### What is required:
Which lines of the records below contain the word "Longrightarrow"? Show each one.

### Information supplied:
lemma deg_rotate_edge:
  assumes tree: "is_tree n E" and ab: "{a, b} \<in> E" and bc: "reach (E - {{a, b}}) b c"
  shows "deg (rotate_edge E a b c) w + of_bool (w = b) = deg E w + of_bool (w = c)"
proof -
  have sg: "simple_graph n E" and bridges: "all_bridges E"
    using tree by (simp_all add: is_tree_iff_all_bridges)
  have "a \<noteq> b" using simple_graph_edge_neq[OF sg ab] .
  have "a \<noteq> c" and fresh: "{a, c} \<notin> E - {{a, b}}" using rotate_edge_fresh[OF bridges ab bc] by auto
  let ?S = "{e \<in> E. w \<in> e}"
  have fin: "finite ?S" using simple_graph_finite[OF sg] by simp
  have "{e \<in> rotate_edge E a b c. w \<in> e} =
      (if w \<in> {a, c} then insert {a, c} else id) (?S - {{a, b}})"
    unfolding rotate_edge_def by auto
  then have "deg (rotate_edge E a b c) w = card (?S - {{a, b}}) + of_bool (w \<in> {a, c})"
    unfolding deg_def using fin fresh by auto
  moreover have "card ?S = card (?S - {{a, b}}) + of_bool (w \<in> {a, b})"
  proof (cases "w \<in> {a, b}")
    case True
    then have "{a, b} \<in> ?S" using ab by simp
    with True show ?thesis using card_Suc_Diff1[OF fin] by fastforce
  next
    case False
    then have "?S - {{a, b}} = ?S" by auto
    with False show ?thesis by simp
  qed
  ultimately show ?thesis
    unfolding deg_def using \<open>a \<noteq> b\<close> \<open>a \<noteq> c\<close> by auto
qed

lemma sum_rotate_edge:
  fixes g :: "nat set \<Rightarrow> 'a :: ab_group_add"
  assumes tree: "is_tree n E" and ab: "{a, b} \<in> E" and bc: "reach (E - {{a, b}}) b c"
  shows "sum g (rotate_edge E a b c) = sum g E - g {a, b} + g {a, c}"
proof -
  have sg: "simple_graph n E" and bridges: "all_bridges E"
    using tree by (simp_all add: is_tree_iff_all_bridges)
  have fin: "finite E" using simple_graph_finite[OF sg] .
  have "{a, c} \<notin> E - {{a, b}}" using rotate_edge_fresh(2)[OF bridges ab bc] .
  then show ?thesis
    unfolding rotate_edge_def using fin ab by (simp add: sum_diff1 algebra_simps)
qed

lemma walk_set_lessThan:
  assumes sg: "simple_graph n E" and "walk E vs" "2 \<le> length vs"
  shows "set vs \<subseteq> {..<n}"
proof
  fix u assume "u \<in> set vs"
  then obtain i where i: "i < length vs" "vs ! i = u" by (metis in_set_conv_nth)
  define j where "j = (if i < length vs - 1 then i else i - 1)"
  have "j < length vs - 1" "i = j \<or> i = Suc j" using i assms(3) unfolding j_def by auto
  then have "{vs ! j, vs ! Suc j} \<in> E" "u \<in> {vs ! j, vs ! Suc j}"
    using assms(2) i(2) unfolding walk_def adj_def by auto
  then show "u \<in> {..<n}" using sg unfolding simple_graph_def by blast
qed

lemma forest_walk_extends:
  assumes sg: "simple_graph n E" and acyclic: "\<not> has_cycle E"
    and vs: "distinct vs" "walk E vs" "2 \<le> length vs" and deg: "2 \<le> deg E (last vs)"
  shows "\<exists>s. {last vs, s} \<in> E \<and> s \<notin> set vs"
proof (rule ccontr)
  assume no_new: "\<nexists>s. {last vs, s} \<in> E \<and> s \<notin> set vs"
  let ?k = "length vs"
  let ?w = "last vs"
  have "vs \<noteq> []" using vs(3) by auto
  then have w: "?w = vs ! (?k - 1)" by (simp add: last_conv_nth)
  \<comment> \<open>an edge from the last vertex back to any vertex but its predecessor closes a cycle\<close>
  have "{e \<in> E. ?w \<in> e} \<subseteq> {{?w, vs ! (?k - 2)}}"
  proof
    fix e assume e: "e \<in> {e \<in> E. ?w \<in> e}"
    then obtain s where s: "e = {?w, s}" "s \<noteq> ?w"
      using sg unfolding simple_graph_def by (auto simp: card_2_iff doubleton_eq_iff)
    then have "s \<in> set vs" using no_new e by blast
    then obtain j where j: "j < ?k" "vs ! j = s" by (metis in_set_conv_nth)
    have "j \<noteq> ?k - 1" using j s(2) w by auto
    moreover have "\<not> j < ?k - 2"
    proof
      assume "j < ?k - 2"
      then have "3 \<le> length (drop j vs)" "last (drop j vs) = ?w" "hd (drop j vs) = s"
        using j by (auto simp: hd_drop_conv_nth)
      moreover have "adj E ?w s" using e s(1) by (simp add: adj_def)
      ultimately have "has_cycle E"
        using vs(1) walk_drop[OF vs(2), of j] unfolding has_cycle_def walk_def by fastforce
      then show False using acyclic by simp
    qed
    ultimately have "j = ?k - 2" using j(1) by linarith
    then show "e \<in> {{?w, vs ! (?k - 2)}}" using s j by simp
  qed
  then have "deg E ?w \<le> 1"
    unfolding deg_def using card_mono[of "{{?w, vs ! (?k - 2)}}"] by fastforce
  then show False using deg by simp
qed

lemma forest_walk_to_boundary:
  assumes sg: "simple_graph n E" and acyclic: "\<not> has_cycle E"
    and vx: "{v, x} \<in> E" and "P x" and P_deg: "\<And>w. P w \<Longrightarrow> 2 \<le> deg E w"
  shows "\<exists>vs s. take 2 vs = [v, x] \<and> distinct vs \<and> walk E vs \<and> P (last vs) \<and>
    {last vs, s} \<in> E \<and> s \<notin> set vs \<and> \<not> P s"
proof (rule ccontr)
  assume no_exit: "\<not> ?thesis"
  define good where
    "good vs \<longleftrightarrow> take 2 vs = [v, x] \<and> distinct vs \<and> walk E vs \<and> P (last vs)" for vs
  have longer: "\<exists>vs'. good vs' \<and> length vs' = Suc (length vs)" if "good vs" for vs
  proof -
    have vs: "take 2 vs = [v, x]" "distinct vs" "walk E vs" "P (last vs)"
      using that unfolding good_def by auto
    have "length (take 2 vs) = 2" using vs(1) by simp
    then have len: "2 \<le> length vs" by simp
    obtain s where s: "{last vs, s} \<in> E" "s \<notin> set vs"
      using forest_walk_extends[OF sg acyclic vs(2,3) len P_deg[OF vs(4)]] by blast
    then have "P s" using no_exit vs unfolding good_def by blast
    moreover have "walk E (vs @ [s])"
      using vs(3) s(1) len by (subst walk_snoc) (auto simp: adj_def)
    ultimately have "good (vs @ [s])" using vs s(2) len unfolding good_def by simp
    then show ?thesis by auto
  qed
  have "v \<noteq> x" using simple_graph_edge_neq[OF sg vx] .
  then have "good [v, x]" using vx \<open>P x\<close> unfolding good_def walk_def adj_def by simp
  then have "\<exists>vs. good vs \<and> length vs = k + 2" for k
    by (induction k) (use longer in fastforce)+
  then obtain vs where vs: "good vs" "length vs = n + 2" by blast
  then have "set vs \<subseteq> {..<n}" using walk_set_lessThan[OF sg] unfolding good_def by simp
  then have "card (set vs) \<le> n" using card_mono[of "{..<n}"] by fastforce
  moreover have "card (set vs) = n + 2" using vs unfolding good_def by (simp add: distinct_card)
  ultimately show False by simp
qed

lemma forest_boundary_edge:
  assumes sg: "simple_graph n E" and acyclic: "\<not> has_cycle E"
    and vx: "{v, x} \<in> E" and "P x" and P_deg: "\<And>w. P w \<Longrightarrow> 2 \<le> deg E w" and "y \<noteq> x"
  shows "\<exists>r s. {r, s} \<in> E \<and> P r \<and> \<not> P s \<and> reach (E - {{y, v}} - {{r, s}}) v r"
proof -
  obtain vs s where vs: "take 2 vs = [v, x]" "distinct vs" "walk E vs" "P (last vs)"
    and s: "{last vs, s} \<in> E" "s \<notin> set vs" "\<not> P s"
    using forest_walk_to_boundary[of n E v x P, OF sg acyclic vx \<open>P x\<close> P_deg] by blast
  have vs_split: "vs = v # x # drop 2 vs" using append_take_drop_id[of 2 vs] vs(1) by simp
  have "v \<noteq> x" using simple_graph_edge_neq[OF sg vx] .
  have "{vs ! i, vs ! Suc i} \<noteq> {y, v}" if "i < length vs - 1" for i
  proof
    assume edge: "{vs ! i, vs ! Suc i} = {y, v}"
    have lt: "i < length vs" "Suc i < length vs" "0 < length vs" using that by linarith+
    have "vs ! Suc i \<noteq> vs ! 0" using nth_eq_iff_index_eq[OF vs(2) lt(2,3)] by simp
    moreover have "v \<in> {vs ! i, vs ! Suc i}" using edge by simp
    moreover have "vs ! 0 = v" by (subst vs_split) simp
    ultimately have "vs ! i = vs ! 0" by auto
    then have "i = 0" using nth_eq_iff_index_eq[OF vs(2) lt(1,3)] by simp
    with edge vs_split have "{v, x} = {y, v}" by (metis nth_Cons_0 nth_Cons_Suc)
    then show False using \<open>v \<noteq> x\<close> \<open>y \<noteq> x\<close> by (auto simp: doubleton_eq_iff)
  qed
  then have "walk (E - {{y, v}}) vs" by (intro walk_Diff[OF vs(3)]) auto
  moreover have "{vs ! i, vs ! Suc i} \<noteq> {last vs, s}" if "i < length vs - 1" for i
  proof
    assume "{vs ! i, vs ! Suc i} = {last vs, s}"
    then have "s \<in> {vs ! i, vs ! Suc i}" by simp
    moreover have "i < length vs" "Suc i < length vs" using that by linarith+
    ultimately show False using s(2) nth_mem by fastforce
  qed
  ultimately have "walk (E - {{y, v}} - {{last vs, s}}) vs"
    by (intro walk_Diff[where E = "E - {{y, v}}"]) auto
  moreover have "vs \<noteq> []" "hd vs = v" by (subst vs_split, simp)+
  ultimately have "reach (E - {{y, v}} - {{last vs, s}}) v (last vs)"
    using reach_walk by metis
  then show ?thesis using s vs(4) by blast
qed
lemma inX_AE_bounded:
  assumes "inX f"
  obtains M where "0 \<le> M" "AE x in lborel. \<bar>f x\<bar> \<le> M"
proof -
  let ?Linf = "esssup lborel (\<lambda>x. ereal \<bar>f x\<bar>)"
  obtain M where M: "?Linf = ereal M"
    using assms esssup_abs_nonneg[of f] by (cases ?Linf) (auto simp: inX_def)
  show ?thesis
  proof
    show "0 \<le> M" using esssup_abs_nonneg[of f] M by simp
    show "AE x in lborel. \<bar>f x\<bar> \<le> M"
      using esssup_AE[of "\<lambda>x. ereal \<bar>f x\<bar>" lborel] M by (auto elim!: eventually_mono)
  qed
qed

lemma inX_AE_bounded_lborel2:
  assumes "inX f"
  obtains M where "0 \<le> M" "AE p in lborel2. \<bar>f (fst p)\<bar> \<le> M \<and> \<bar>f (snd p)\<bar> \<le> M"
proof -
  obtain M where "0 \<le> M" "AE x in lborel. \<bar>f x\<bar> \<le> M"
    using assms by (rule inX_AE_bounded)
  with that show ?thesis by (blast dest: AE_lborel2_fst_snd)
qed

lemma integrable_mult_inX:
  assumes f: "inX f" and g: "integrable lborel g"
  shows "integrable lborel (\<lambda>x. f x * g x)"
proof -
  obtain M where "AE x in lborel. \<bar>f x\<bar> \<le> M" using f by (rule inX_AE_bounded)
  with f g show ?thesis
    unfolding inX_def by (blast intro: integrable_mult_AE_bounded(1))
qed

### Task response:
    and vx: "{v, x} \<in> E" and "P x" and P_deg: "\<And>w. P w \<Longrightarrow> 2 \<le> deg E w"
    and vx: "{v, x} \<in> E" and "P x" and P_deg: "\<And>w. P w \<Longrightarrow> 2 \<le> deg E w" and "y \<noteq> x"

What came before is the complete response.